Upvotes 2 Share PDF

How can I remove a failed controller node from a UCP cluster?

To remove a failed controller from a UCP cluster, use the following steps.

First, go to one of your controller nodes and check if the failed controller node still shows up:

sudo docker exec -it ucp-kv etcdctl --endpoint [https://127.0.0.1:2379](https://127.0.0.1:2379 "https://127.0.0.1:2379") --ca-file /etc/docker/ssl/ca.pem --cert-file /etc/docker/ssl/cert.pem --key-file /etc/docker/ssl/key.pem ls /orca/v1/controllers

You should find the failed node.
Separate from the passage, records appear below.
(* Under the hypotheses of Theorem 2 (factorized true joint propensity $p(t,z\mid\mathbf{x})=\phi(z;\mathbf{x}_z)e(t;\mathbf{x}_t)$, estimates $e_\eta,\phi_\eta$ with odds ratios bounded by $\Gamma_t\ge1$ and $\Gamma_z\ge1$ as stated there, weights $w_\eta(t,z,\mathbf{x})=1/(\phi_\eta(z;\mathbf{x}_z)e_\eta(t;\mathbf{x}_t))$ and one-to-one $\Phi$), the Kullback–Leibler divergence satisfies $$D_{KL}\big(p(\mathbf{x})p(t,z)\,\big\|\,q_\eta(\mathbf{x}\mid t,z)p(t,z)\big)=D_{KL}\big(p_\Phi(r)p(t,z)\,\big\|\,q_{\Phi,\eta}(r\mid t,z)p(t,z)\big)\le 2(\log\Gamma_t+\log\Gamma_z),$$ and consequently the total variation distance satisfies $\delta\big(p_\Phi(r)p(t,z),\,q_{\Phi,\eta}(r\mid t,z)p(t,z)\big)\le\sqrt{\log\Gamma_t+\log\Gamma_z}$.
   Context: Setting: combined features $\mathbf{x}\in\mathcal{X}'=\mathcal{X}\times\mathcal{X}^{|\mathcal{N}|}$, treatment $t\in\{0,1\}$, exposure $z\in[0,1]$ with joint distribution, marginals $p(\mathbf{x})$, $p(t,z)$, conditionals $p(\mathbf{x}\mid t,z)$, and $p(t,z\mid\mathbf{x})>0$. $\mathbf{x}_t,\mathbf{x}_z$ are sub-vectors of $\mathbf{x}$; $e(t;\mathbf{x}_t)=p(t\mid\mathbf{x}_t)$, $\phi(z;\mathbf{x}_z)=p(z\mid\mathbf{x}_z)$. Odds-ratio condition: $\Gamma_t^{-1}\le e_\eta(t;\mathbf{x}_t)/e(t;\mathbf{x}_t)\le\Gamma_t$ and $\Gamma_z^{-1}\le\phi_\eta(z;\mathbf{x}_z)/\phi(z;\mathbf{x}_z)\le\Gamma_z$ for all arguments. $q_\eta(\mathbf{x}\mid t,z)=w_\eta(t,z,\mathbf{x})p(\mathbf{x}\mid t,z)/\int w_\eta(t,z,\mathbf{x}')p(\mathbf{x}'\mid t,z)d\mathbf{x}'$. $p_\Phi(r)$, $q_{\Phi,\eta}(r\mid t,z)$ are the push-forwards under $\Phi$ of $p(\mathbf{x})$, $q_\eta(\mathbf{x}\mid t,z)$. Total variation distance: $\delta(P,Q)=\frac12\sup_{\|m\|_\infty\le1}\int m\,(dP-dQ)$. *)

theory Defs
  imports "HOL-Probability.Probability"
begin

text \<open>Base measure for (t,z): t ranges over {0,1} (encoded as bool, True = treated),
  z over [0,1]; counting measure on t times Lebesgue measure on [0,1].\<close>
definition TZ :: "(bool \<times> real) measure" where
  "TZ = count_space UNIV \<Otimes>\<^sub>M restrict_space lborel {0..1}"

definition marg_x :: "'x measure \<Rightarrow> ('x \<times> (bool \<times> real) \<Rightarrow> real) \<Rightarrow> 'x \<Rightarrow> real" where
  "marg_x MX f x = enn2real (\<integral>\<^sup>+ tz. ennreal (f (x, tz)) \<partial>TZ)"

definition marg_tz :: "'x measure \<Rightarrow> ('x \<times> (bool \<times> real) \<Rightarrow> real) \<Rightarrow> bool \<times> real \<Rightarrow> real" where
  "marg_tz MX f tz = enn2real (\<integral>\<^sup>+ x. ennreal (f (x, tz)) \<partial>MX)"

definition cond_x :: "'x measure \<Rightarrow> ('x \<times> (bool \<times> real) \<Rightarrow> real) \<Rightarrow> bool \<times> real \<Rightarrow> 'x \<Rightarrow> real" where
  "cond_x MX f tz x = f (x, tz) / marg_tz MX f tz"

definition post_tz :: "'x measure \<Rightarrow> ('x \<times> (bool \<times> real) \<Rightarrow> real) \<Rightarrow> 'x \<Rightarrow> bool \<times> real \<Rightarrow> real" where
  "post_tz MX f x tz = f (x, tz) / marg_x MX f x"

definition q_eta :: "'x measure \<Rightarrow> ('x \<times> (bool \<times> real) \<Rightarrow> real) \<Rightarrow> (bool \<times> real \<Rightarrow> 'x \<Rightarrow> real)
    \<Rightarrow> bool \<times> real \<Rightarrow> 'x \<Rightarrow> real" where
  "q_eta MX f w tz x = w tz x * cond_x MX f tz x /
      enn2real (\<integral>\<^sup>+ x'. ennreal (w tz x' * cond_x MX f tz x') \<partial>MX)"

definition P_meas :: "'x measure \<Rightarrow> ('x \<times> (bool \<times> real) \<Rightarrow> real) \<Rightarrow> ('x \<times> (bool \<times> real)) measure" where
  "P_meas MX f = density MX (\<lambda>x. ennreal (marg_x MX f x)) \<Otimes>\<^sub>M density TZ (\<lambda>tz. ennreal (marg_tz MX f tz))"

definition Q_meas :: "'x measure \<Rightarrow> ('x \<times> (bool \<times> real) \<Rightarrow> real) \<Rightarrow> (bool \<times> real \<Rightarrow> 'x \<Rightarrow> real)
    \<Rightarrow> ('x \<times> (bool \<times> real)) measure" where
  "Q_meas MX f w = density (MX \<Otimes>\<^sub>M TZ)
      (\<lambda>(x, tz). ennreal (q_eta MX f w tz x * marg_tz MX f tz))"

definition P_Phi :: "'x measure \<Rightarrow> 'r measure \<Rightarrow> ('x \<Rightarrow> 'r) \<Rightarrow> ('x \<times> (bool \<times> real) \<Rightarrow> real)
    \<Rightarrow> ('r \<times> (bool \<times> real)) measure" where
  "P_Phi MX MR Phi f = distr (density MX (\<lambda>x. ennreal (marg_x MX f x))) MR Phi
      \<Otimes>\<^sub>M density TZ (\<lambda>tz. ennreal (marg_tz MX f tz))"

definition Q_Phi :: "'x measure \<Rightarrow> 'r measure \<Rightarrow> ('x \<Rightarrow> 'r) \<Rightarrow> ('x \<times> (bool \<times> real) \<Rightarrow> real)
    \<Rightarrow> (bool \<times> real \<Rightarrow> 'x \<Rightarrow> real) \<Rightarrow> ('r \<times> (bool \<times> real)) measure" where
  "Q_Phi MX MR Phi f w = distr (Q_meas MX f w) (MR \<Otimes>\<^sub>M TZ) (\<lambda>(x, tz). (Phi x, tz))"

text \<open>Kullback--Leibler divergence D_KL(P || Q) with natural logarithm
  (the library's KL_divergence b M N is D(N || M)).\<close>
definition KL :: "'a measure \<Rightarrow> 'a measure \<Rightarrow> real" where
  "KL P Q = KL_divergence (exp 1) Q P"

definition tv_dist :: "'a measure \<Rightarrow> 'a measure \<Rightarrow> real" where
  "tv_dist P Q = 1/2 * (SUP m \<in> {m \<in> borel_measurable P. \<forall>y \<in> space P. \<bar>m y\<bar> \<le> 1}.
      (\<integral>y. m y \<partial>P) - (\<integral>y. m y \<partial>Q))"

end

theory Submission
  imports Defs
begin

(*
  With the true propensity factorised as \<phi> e, the joint density is f(x, t, z) = \<phi> e p(x), and the
  odds-ratio bounds put the weight w = 1 / (\<phi>\<eta> e\<eta>) within a factor \<Gamma> = \<Gamma>t \<Gamma>z of 1 / (\<phi> e).
  Hence w f lies between p(x) / \<Gamma> and \<Gamma> p(x), so its normalising constant over x lies in
  [1/\<Gamma>, \<Gamma>], and the density q_eta(x | t, z) p(t, z) is within a factor \<Gamma>\<^sup>2 of p(x) p(t, z)
  almost everywhere. A likelihood ratio bounded by \<Gamma>\<^sup>2 gives KL \<le> ln \<Gamma>\<^sup>2 directly, and gives the
  total variation bound (\<Gamma>\<^sup>2 - 1) / (\<Gamma>\<^sup>2 + 1) \<le> sqrt (ln \<Gamma>) without passing through Pinsker's
  inequality. Pushing both measures forward along the bimeasurable bijection (x, t, z) \<mapsto> (\<Phi> x, t, z)
  preserves the Radon-Nikodym derivative, hence the KL divergence.
*)

section \<open>Elementary inequalities\<close>

lemma inverse_ratio_bounds:
  fixes a a' G :: real
  assumes "0 \<le> a" "1 \<le> G" "inverse G \<le> a' / a" "a' / a \<le> G"
  shows "0 < a'" "inverse G \<le> a / a'" "a / a' \<le> G"
proof -
  have "0 < a' / a" using assms by (smt (verit) inverse_positive_iff_positive)
  then have "0 < a" "0 < a'" using assms(1) by (auto simp: zero_less_divide_iff)
  then show "0 < a'" by simp
  have flip: "a / a' = inverse (a' / a)" by simp
  show "inverse G \<le> a / a'" unfolding flip using assms(4) \<open>0 < a' / a\<close> by (rule le_imp_inverse_le)
  have "inverse (a' / a) \<le> inverse (inverse G)"
    using assms(2,3) by (intro le_imp_inverse_le) auto
  then show "a / a' \<le> G" unfolding flip by simp
qed

lemma inverse_weight_bounds:
  fixes a a' b b' G H r :: real
  assumes "0 \<le> a" "1 \<le> G" "inverse G \<le> a' / a" "a' / a \<le> G"
    and "0 \<le> b" "1 \<le> H" "inverse H \<le> b' / b" "b' / b \<le> H" and r: "0 \<le> r"
  shows "0 < a' * b'" "r / (G * H) \<le> 1 / (a' * b') * (a * b * r)" "1 / (a' * b') * (a * b * r) \<le> G * H * r"
proof -
  note ra = inverse_ratio_bounds[OF assms(1-4)] and rb = inverse_ratio_bounds[OF assms(5-8)]
  then show "0 < a' * b'" by simp
  have "0 < inverse G" "0 < inverse H" using assms(2,6) by auto
  then have nonneg: "0 \<le> a / a'" "0 \<le> b / b'" using ra(2) rb(2) by linarith+
  have split: "1 / (a' * b') * (a * b * r) = (a / a') * (b / b') * r" by simp
  have "inverse G * inverse H \<le> (a / a') * (b / b')"
    using ra rb nonneg by (intro mult_mono) auto
  then have "inverse (G * H) * r \<le> (a / a') * (b / b') * r"
    unfolding inverse_mult_distrib using r by (rule mult_right_mono)
  then show "r / (G * H) \<le> 1 / (a' * b') * (a * b * r)"
    unfolding split by (simp add: divide_inverse mult.commute)
  have "(a / a') * (b / b') \<le> G * H"
    using ra rb nonneg assms(2) by (intro mult_mono) auto
  then show "1 / (a' * b') * (a * b * r) \<le> G * H * r"
    unfolding split using r by (rule mult_right_mono)
qed

text \<open>Integrated against two probability densities, the right-hand side gives \<open>2 (b - 1) / (b + 1)\<close>.\<close>

lemma abs_diff_le_of_mutual_ratio_bound:
  fixes p q b :: real
  assumes "p \<le> b * q" "q \<le> b * p" "1 \<le> b"
  shows "\<bar>p - q\<bar> \<le> 2 * (b * q - p) / (b + 1) - (q - p)"
proof (cases "q \<le> p")
  case True
  have "0 \<le> 2 * (b * q - p) / (b + 1)" using assms by simp
  then show ?thesis using True by simp
next
  case False
  have "2 * (q - p) * (b + 1) \<le> 2 * (b * q - p)"
    using assms(2) by (simp add: algebra_simps)
  then have "2 * (q - p) \<le> 2 * (b * q - p) / (b + 1)"
    using assms(3) by (simp add: pos_le_divide_eq)
  then show ?thesis using False by simp
qed

lemma sq_minus_one_div_sq_plus_one_le_sqrt_ln:
  fixes c :: real
  assumes c: "1 \<le> c"
  shows "(c^2 - 1) / (c^2 + 1) \<le> sqrt (ln c)"
proof (cases "1 \<le> ln c")
  case True
  have "0 < c^2 + 1" by (smt (verit) zero_le_power2)
  then have "(c^2 - 1) / (c^2 + 1) \<le> 1" by (simp add: divide_le_eq)
  also have "1 \<le> sqrt (ln c)" using True by simp
  finally show ?thesis .
next
  case False
  \<comment> \<open>Then \<open>c < e \<le> 3\<close>, and \<open>1 - 1/c \<le> ln c\<close> reduces the claim to a polynomial inequality on \<open>[1, 3]\<close>.\<close>
  have "c < exp 1" using False c by (metis exp_ln less_le_trans ln_less_cancel_iff not_le zero_less_one exp_gt_zero ln_exp)
  then have c3: "c \<le> 3" using exp_le by simp
  have ln_lower: "1 - 1 / c \<le> ln c"
    using ln_le_minus_one[of "1 / c"] c by (simp add: ln_div)
  have poly: "c * (c - 1) * (c + 1)^2 \<le> (c^2 + 1)^2"
  proof -
    define d where "d = c - 1"
    have d: "0 \<le> d" "d \<le> 2" using c c3 by (auto simp: d_def)
    have "d^3 \<le> 4 * d"
      using mult_left_mono[OF mult_mono[OF d(2) d(2)], of d] d by (simp add: power3_eq_cube)
    moreover have "(c^2 + 1)^2 - c * (c - 1) * (c + 1)^2 = 4 + 4 * d - d^3"
      by (simp add: d_def power2_eq_square power3_eq_cube algebra_simps)
    ultimately show ?thesis using d by simp
  qed
  have "((c^2 - 1) / (c^2 + 1))^2 \<le> 1 - 1 / c"
  proof -
    have pos: "0 < c^2 + 1" by (smt (verit) zero_le_power2)
    have "(c^2 - 1)^2 * c = (c - 1) * (c * (c - 1) * (c + 1)^2)"
      by (simp add: power2_eq_square algebra_simps)
    also have "\<dots> \<le> (c - 1) * (c^2 + 1)^2" using poly c by (intro mult_left_mono) auto
    finally have "(c^2 - 1)^2 * c \<le> (c - 1) * (c^2 + 1)^2" .
    then show ?thesis using c pos by (simp add: power_divide divide_le_eq le_divide_eq field_simps)
  qed
  then show ?thesis using ln_lower by (intro real_le_rsqrt) linarith
qed

section \<open>Densities with bounded likelihood ratio\<close>

definition ratio_bounded_densities :: "'a measure \<Rightarrow> real \<Rightarrow> ('a \<Rightarrow> real) \<Rightarrow> ('a \<Rightarrow> real) \<Rightarrow> bool" where
  "ratio_bounded_densities M b p q \<longleftrightarrow>
    p \<in> borel_measurable M \<and> q \<in> borel_measurable M \<and> (\<forall>x\<in>space M. 0 \<le> p x \<and> 0 \<le> q x) \<and>
    (\<integral>\<^sup>+x. ennreal (p x) \<partial>M) = 1 \<and> (\<integral>\<^sup>+x. ennreal (q x) \<partial>M) = 1 \<and>
    (AE x in M. p x \<le> b * q x \<and> q x \<le> b * p x)"

lemma prob_space_density_of_nn_integral_eq_1:
  assumes "f \<in> borel_measurable M" "(\<integral>\<^sup>+x. f x \<partial>M) = 1"
  shows "prob_space (density M f)"
proof (rule prob_spaceI)
  have "emeasure (density M f) (space M) = (\<integral>\<^sup>+x. f x \<partial>M)"
    using assms(1) by (simp add: emeasure_density cong: nn_integral_cong)
  then show "emeasure (density M f) (space (density M f)) = 1" using assms(2) by simp
qed

lemma KL_density_eq_integral_ln:
  fixes p q :: "'a \<Rightarrow> real"
  assumes [measurable]: "p \<in> borel_measurable M" "q \<in> borel_measurable M"
    and p_nonneg: "\<And>x. x \<in> space M \<Longrightarrow> 0 \<le> p x" and q_nonneg: "\<And>x. x \<in> space M \<Longrightarrow> 0 \<le> q x"
    and p_prob: "(\<integral>\<^sup>+x. ennreal (p x) \<partial>M) = 1"
    and support: "AE x in M. q x = 0 \<longrightarrow> p x = 0"
  shows "KL (density M p) (density M q) = (\<integral>x. ln (p x / q x) \<partial>density M p)"
proof -
  let ?P = "density M p" and ?Q = "density M q" and ?h = "\<lambda>x. p x / q x"
  have "prob_space ?P"
    using p_prob by (intro prob_space_density_of_nn_integral_eq_1) auto
  then have "sigma_finite_measure ?P" by (rule prob_space_imp_sigma_finite)
  have P_eq: "?P = density ?Q ?h"
  proof -
    have "AE x in M. ennreal (q x) * ennreal (?h x) = ennreal (p x)"
      using support AE_space
    proof eventually_elim
      case (elim x)
      then show ?case
        using q_nonneg[of x] by (cases "q x = 0") (simp_all flip: ennreal_mult')
    qed
    then have "density M (\<lambda>x. ennreal (q x) * ennreal (?h x)) = ?P"
      by (rule density_cong[rotated 2]) measurable
    then show ?thesis by (subst density_density_eq) auto
  qed
  have RN_Q: "AE x in ?Q. ennreal (?h x) = RN_deriv ?Q ?P x"
    by (rule RN_deriv_unique_sigma_finite[OF _ P_eq[symmetric] \<open>sigma_finite_measure ?P\<close>]) simp
  have ac: "absolutely_continuous ?Q ?P"
    by (subst P_eq) (rule absolutely_continuousI_density, simp)
  have RN: "AE x in ?P. ennreal (?h x) = RN_deriv ?Q ?P x"
    by (rule absolutely_continuous_AE[OF _ ac RN_Q]) simp
  have "AE x in ?P. 0 \<le> ?h x"
    by (subst AE_density) (auto intro!: AE_I2 simp: p_nonneg q_nonneg)
  with RN have "AE x in ?P. entropy_density (exp 1) ?Q ?P x = ln (?h x)"
    by eventually_elim (drule sym, simp add: entropy_density_def log_def)
  then show ?thesis
    unfolding KL_def KL_divergence_def by (rule integral_cong_AE[rotated 2]) measurable
qed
Then run this command to actually remove it from the UI:

sudo docker exec -it ucp-kv etcdctl --endpoint [https://127.0.0.1:2379](https://127.0.0.1:2379 "https://127.0.0.1:2379") --ca-file /etc/docker/ssl/ca.pem --cert-file /etc/docker/ssl/cert.pem --key-file /etc/docker/ssl/key.pem rm /orca/v1/controllers/<node-ip>

This should get rid of the controller node in the UI. However, you might still see references to the failed node when the ucp-controller container tries to create a PKI. In that case, remove the failed node permanently using these two commands:

sudo docker exec -it ucp-kv etcdctl --endpoint [https://127.0.0.1:2379](https://127.0.0.1:2379 "https://127.0.0.1:2379") --ca-file /etc/docker/ssl/ca.pem --cert-file /etc/docker/ssl/cert.pem --key-file /etc/docker/ssl/key.pem rm /orca/v1/config/clusterca_<node-ip>:12381

sudo docker exec -it ucp-kv etcdctl --endpoint [https://127.0.0.1:2379](https://127.0.0.1:2379 "https://127.0.0.1:2379") --ca-file /etc/docker/ssl/ca.pem --cert-file /etc/docker/ssl/cert.pem --key-file /etc/docker/ssl/key.pem rm /orca/v1/config/clientca_<node-ip>:12382

If the failed node's Docker daemon is still running and reachable on the same network as the UCP cluster, Docker Swarm might sometimes reconnect to the same network again, and the node might be relisted with the following command:

sudo docker exec -it ucp-kv etcdctl --endpoint [https://127.0.0.1:2379](https://127.0.0.1:2379 "https://127.0.0.1:2379") --ca-file /etc/docker/ssl/ca.pem --cert-file /etc/docker/ssl/cert.pem --key-file /etc/docker/ssl/key.pem ls /docker/nodes

If that happens, you can rejoin the node again, and then remove it once more. Alternatively, you can terminate the Docker daemon on that failed node, and then remove it again with the following command:

sudo docker exec -it ucp-kv etcdctl --endpoint [https://127.0.0.1:2379](https://127.0.0.1:2379 "https://127.0.0.1:2379") --ca-file /etc/docker/ssl/ca.pem --cert-file /etc/docker/ssl/cert.pem --key-file /etc/docker/ssl/key.pem rm /docker/nodes/<node-ip>

NOTE This procedure has been tested to work with UCP 1.1.2. Newer versions may not work exactly like this.